Characters are important in narratives. They move the plot forward, create emotional connections, and embody the story's themes. Visual storytelling methods focus more on the plot and events relating to it, without building the narrative around specific characters. As a result, the generated stories feel generic, with character mentions being absent, vague, or incorrect. To mitigate these issues, we introduce the new task of character-centric story generation and present the first model capable of predicting visual stories with consistently grounded and coreferent character mentions. Our model is finetuned on a new dataset which we build on top of the widely used VIST benchmark. Specifically, we develop an automated pipeline to enrich VIST with visual and textual character coreference chains. We also propose new evaluation metrics to measure the richness of characters and coreference in stories. Experimental results show that our model generates stories with recurring characters which are consistent and coreferent to larger extent compared to baselines and state-of-the-art systems.
Paper Structure (43 sections, 2 equations, 4 figures, 14 tables, 1 algorithm)

This paper contains 43 sections, 2 equations, 4 figures, 14 tables, 1 algorithm.

Figures (4)

  • Figure 1: Examples from the VIST dataset illustrating how the absence of characters or vague character references affect story coherence and engagement. The first story is purely descriptive without any characters, lacking emotional depth and narrative engagement. No human presence means no perspective, making it static and impersonal. In the second story, while a character is mentioned ("a man"), he adds nothing to the story. The man is passive, disconnected from events, and does not drive the narrative, making the story feel just as flat as the first one. The third story fails to refer to the protagonist correctly, switching between "we", "they", and "I", which causes the story to be confusing and illogical.
  • Figure 2: A sample from the VIST dataset huang2016visual augmented with character chains. Visual characters are outlined by segmentation mask boundaries, where same color indicates same characters. Each character bears a unique label overlaid in the center of the mask. Output stories are annotated with textual character chains, and each character mention is aligned to visual characters (e.g., (#4) refers to visual segment 4).
  • Figure 3: Illustration of the incremental clustering algorithm for creating visual coreference chains and prompts used in textual coreference resolution. (a) Character detections in Image$_{k+1}$ are compared against character clusters from the previous $k$ images to generate a visual similarity matrix.
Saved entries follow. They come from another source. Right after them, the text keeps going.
(* Let $P$ be a rooted forest on $[n]$ with natural labeling and let $\mathcal{M}^{\hat\partial}$ be the monoid of maps $\mathcal{L}(P)\to\mathcal{L}(P)$ generated by $\hat\partial_1,\dots,\hat\partial_n$. For every $x\in\mathcal{M}^{\hat\partial}$, the set $I_x$ is an upper set of $P$; more precisely, $I_x=\operatorname{Rfactor}(e)$ for some idempotent $e\in\mathcal{M}^{\hat\partial}$.
   Context: A rooted forest is a disjoint union of rooted trees, a rooted tree being a connected finite poset in which each element is covered by at most one element. $\mathcal{L}(P)=\{\pi\in S_n : i\prec j \Rightarrow \pi^{-1}_i<\pi^{-1}_j\}$ in one-line notation. $\pi\tau_i$ ($1\le i<n$) swaps $\pi_i,\pi_{i+1}$ if incomparable and is $\pi$ otherwise; $\partial_j=\tau_j\cdots\tau_{n-1}$; $\pi\hat\partial_i=\pi\partial_{\pi^{-1}_i}$. Maps act on the right, $\pi(xy)=(\pi x)y$; the monoid contains the identity. $\operatorname{im}(x)=\{\pi x:\pi\in\mathcal{L}(P)\}$; $\operatorname{rfactor}(x)$ is the longest word that is a common suffix of all elements of $\operatorname{im}(x)$; $\operatorname{Rfactor}(x)$ is its set of letters; $I_x=\{i\in[n]:\hat\partial_i x=x\}$. An upper set $S$ satisfies $a\in S,\ b\succeq a\Rightarrow b\in S$. *)

theory Defs
  imports Main "HOL-Library.Sublist"
begin

definition poset_on :: "nat \<Rightarrow> (nat \<Rightarrow> nat \<Rightarrow> bool) \<Rightarrow> bool" where
  "poset_on n le \<longleftrightarrow>
     (\<forall>a b. le a b \<longrightarrow> a \<in> {1..n} \<and> b \<in> {1..n}) \<and>
     (\<forall>a\<in>{1..n}. le a a) \<and>
     (\<forall>a b. le a b \<longrightarrow> le b a \<longrightarrow> a = b) \<and>
     (\<forall>a b c. le a b \<longrightarrow> le b c \<longrightarrow> le a c)"

definition strict :: "(nat \<Rightarrow> nat \<Rightarrow> bool) \<Rightarrow> nat \<Rightarrow> nat \<Rightarrow> bool" where
  "strict le a b \<longleftrightarrow> le a b \<and> a \<noteq> b"

definition covers :: "(nat \<Rightarrow> nat \<Rightarrow> bool) \<Rightarrow> nat \<Rightarrow> nat \<Rightarrow> bool" where
  "covers le a b \<longleftrightarrow> strict le a b \<and> \<not> (\<exists>c. strict le a c \<and> strict le c b)"

definition rooted_forest :: "nat \<Rightarrow> (nat \<Rightarrow> nat \<Rightarrow> bool) \<Rightarrow> bool" where
  "rooted_forest n le \<longleftrightarrow> poset_on n le \<and>
     (\<forall>a\<in>{1..n}. \<forall>b c. covers le a b \<longrightarrow> covers le a c \<longrightarrow> b = c)"

definition natural_labeling :: "nat \<Rightarrow> (nat \<Rightarrow> nat \<Rightarrow> bool) \<Rightarrow> bool" where
  "natural_labeling n le \<longleftrightarrow> (\<forall>i j. strict le i j \<longrightarrow> i < j)"

definition comparable :: "(nat \<Rightarrow> nat \<Rightarrow> bool) \<Rightarrow> nat \<Rightarrow> nat \<Rightarrow> bool" where
  "comparable le a b \<longleftrightarrow> le a b \<or> le b a"

text \<open>Permutations in one-line notation are lists; list index k (0-based) is position k+1.\<close>
definition lin_ext :: "nat \<Rightarrow> (nat \<Rightarrow> nat \<Rightarrow> bool) \<Rightarrow> nat list set" where
  "lin_ext n le = {\<pi>. length \<pi> = n \<and> distinct \<pi> \<and> set \<pi> = {1..n} \<and>
      (\<forall>k l. k < n \<longrightarrow> l < n \<longrightarrow> strict le (\<pi> ! k) (\<pi> ! l) \<longrightarrow> k < l)}"

text \<open>1-based position of letter i in \<pi>, i.e. \<pi>^{-1}_i.\<close>
definition posn :: "nat list \<Rightarrow> nat \<Rightarrow> nat" where
  "posn \<pi> i = (THE k. k < length \<pi> \<and> \<pi> ! k = i) + 1"

text \<open>\<pi>\<tau>_i (1-based i): swap \<pi>_i, \<pi>_{i+1} if incomparable.\<close>
definition tau :: "(nat \<Rightarrow> nat \<Rightarrow> bool) \<Rightarrow> nat \<Rightarrow> nat list \<Rightarrow> nat list" where
  "tau le i \<pi> = (if 1 \<le> i \<and> i < length \<pi> \<and> \<not> comparable le (\<pi> ! (i - 1)) (\<pi> ! i)
                  then \<pi>[i - 1 := \<pi> ! i, i := \<pi> ! (i - 1)] else \<pi>)"

text \<open>\<pi>\<partial>_j = \<pi>\<tau>_j\<tau>_{j+1}...\<tau>_{n-1} (right action: \<tau>_j applied first).\<close>
definition pd :: "nat \<Rightarrow> (nat \<Rightarrow> nat \<Rightarrow> bool) \<Rightarrow> nat \<Rightarrow> nat list \<Rightarrow> nat list" where
  "pd n le j \<pi> = fold (tau le) [j..<n] \<pi>"

definition hatd :: "nat \<Rightarrow> (nat \<Rightarrow> nat \<Rightarrow> bool) \<Rightarrow> nat \<Rightarrow> nat list \<Rightarrow> nat list" where
  "hatd n le i \<pi> = pd n le (posn \<pi> i) \<pi>"

text \<open>Monoid generated by hatd_1..hatd_n (maps act on the right: \<pi>(x y) = (\<pi> x) y,
  so the product x\<cdot>hatd_i is the function hatd_i \<circ> x).\<close>
inductive_set hatd_monoid :: "nat \<Rightarrow> (nat \<Rightarrow> nat \<Rightarrow> bool) \<Rightarrow> (nat list \<Rightarrow> nat list) set"
  for n le where
  idI: "id \<in> hatd_monoid n le"
| stepI: "x \<in> hatd_monoid n le \<Longrightarrow> i \<in> {1..n} \<Longrightarrow> (hatd n le i \<circ> x) \<in> hatd_monoid n le"

definition im :: "nat \<Rightarrow> (nat \<Rightarrow> nat \<Rightarrow> bool) \<Rightarrow> (nat list \<Rightarrow> nat list) \<Rightarrow> nat list set" where
  "im n le x = x ` lin_ext n le"

definition rfactor :: "nat \<Rightarrow> (nat \<Rightarrow> nat \<Rightarrow> bool) \<Rightarrow> (nat list \<Rightarrow> nat list) \<Rightarrow> nat list" where
  "rfactor n le x = (THE w. (\<forall>v\<in>im n le x. suffix w v) \<and>
      (\<forall>w'. (\<forall>v\<in>im n le x. suffix w' v) \<longrightarrow> length w' \<le> length w))"

definition Rfactor :: "nat \<Rightarrow> (nat \<Rightarrow> nat \<Rightarrow> bool) \<Rightarrow> (nat list \<Rightarrow> nat list) \<Rightarrow> nat set" where
  "Rfactor n le x = set (rfactor n le x)"

text \<open>I_x = {i. \<hat>\<partial>_i x = x}, equality of maps on L(P); (\<hat>\<partial>_i x) applies \<hat>\<partial>_i first.\<close>
definition I_set :: "nat \<Rightarrow> (nat \<Rightarrow> nat \<Rightarrow> bool) \<Rightarrow> (nat list \<Rightarrow> nat list) \<Rightarrow> nat set" where
  "I_set n le x = {i \<in> {1..n}. \<forall>\<pi>\<in>lin_ext n le. x (hatd n le i \<pi>) = x \<pi>}"

definition idempotent_on :: "nat list set \<Rightarrow> (nat list \<Rightarrow> nat list) \<Rightarrow> bool" where
  "idempotent_on L e \<longleftrightarrow> (\<forall>\<pi>\<in>L. e (e \<pi>) = e \<pi>)"

definition upper_set :: "nat \<Rightarrow> (nat \<Rightarrow> nat \<Rightarrow> bool) \<Rightarrow> nat set \<Rightarrow> bool" where
  "upper_set n le S \<longleftrightarrow> S \<subseteq> {1..n} \<and> (\<forall>a b. a \<in> S \<longrightarrow> le a b \<longrightarrow> b \<in> S)"

end

theory Submission
  imports Defs
begin

text \<open>On a linear extension \<open>\<sigma> = p i s\<close> the map \<open>\<partial>\<^sub>i\<close> fixes \<open>p\<close> and sweeps \<open>i\<close> to the right
  through \<open>s\<close>, exchanging the carried letter for every comparable letter it meets. In a rooted
  forest the elements above \<open>i\<close> form a chain, so \<open>|\<up>i|\<close> applications of \<open>\<partial>\<^sub>i\<close> move \<open>\<up>i\<close>,
  increasingly sorted, to the end and keep the other letters in place; as \<open>\<partial>\<^sub>j\<close> for
  \<open>j \<in> \<up>i\<close> does not change the relative order of the letters outside \<open>\<up>i\<close>, every \<open>x\<close> with
  \<open>\<partial>\<^sub>i x = x\<close> also has \<open>\<partial>\<^sub>j x = x\<close>. Hence \<open>S = I\<^sub>x\<close> is an upper set. Applying \<open>\<partial>\<^sub>s\<close>
  for \<open>s \<in> S\<close> in decreasing order gives an idempotent \<open>e\<close> with \<open>ex = x\<close> and
  \<open>\<pi>e = (\<pi> without S) u\<close> for a fixed word \<open>u\<close> on \<open>S\<close>. Its right factor \<open>w\<close> contains \<open>u\<close>, is an
  upper set because it is a suffix of a linear extension, and \<open>\<pi>e = (\<pi> without w) w\<close>; so
  \<open>\<partial>\<^sub>j e = e\<close> for \<open>j \<in> w\<close>, i.e. \<open>w \<subseteq> I\<^sub>e \<subseteq> I\<^sub>x = S\<close>.\<close>

text \<open>\<open>bubble le c s\<close> is \<open>(c s)\<tau>\<^sub>1 \<dots> \<tau>\<^bsub>|s|\<^esub>\<close>: the carried letter moves right past
  incomparable letters and is exchanged for the first comparable one.\<close>
fun bubble :: "(nat \<Rightarrow> nat \<Rightarrow> bool) \<Rightarrow> nat \<Rightarrow> nat list \<Rightarrow> nat list" where
  "bubble le c [] = [c]"
| "bubble le c (d # ws) = (if comparable le c d then c # bubble le d ws else d # bubble le c ws)"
Best matching character detections are added to existing clusters. Detections that do not match any clusters are grouped into new clusters. (b) A QA-based prompting method is used to identify entities referring to characters (Step 1). Then character clusters are identified using a structured prompt template, which can handle singular and plural character mentions (Step 2).
  • Figure 4: Examples of system output and human-written story for an image sequence (VIST test set).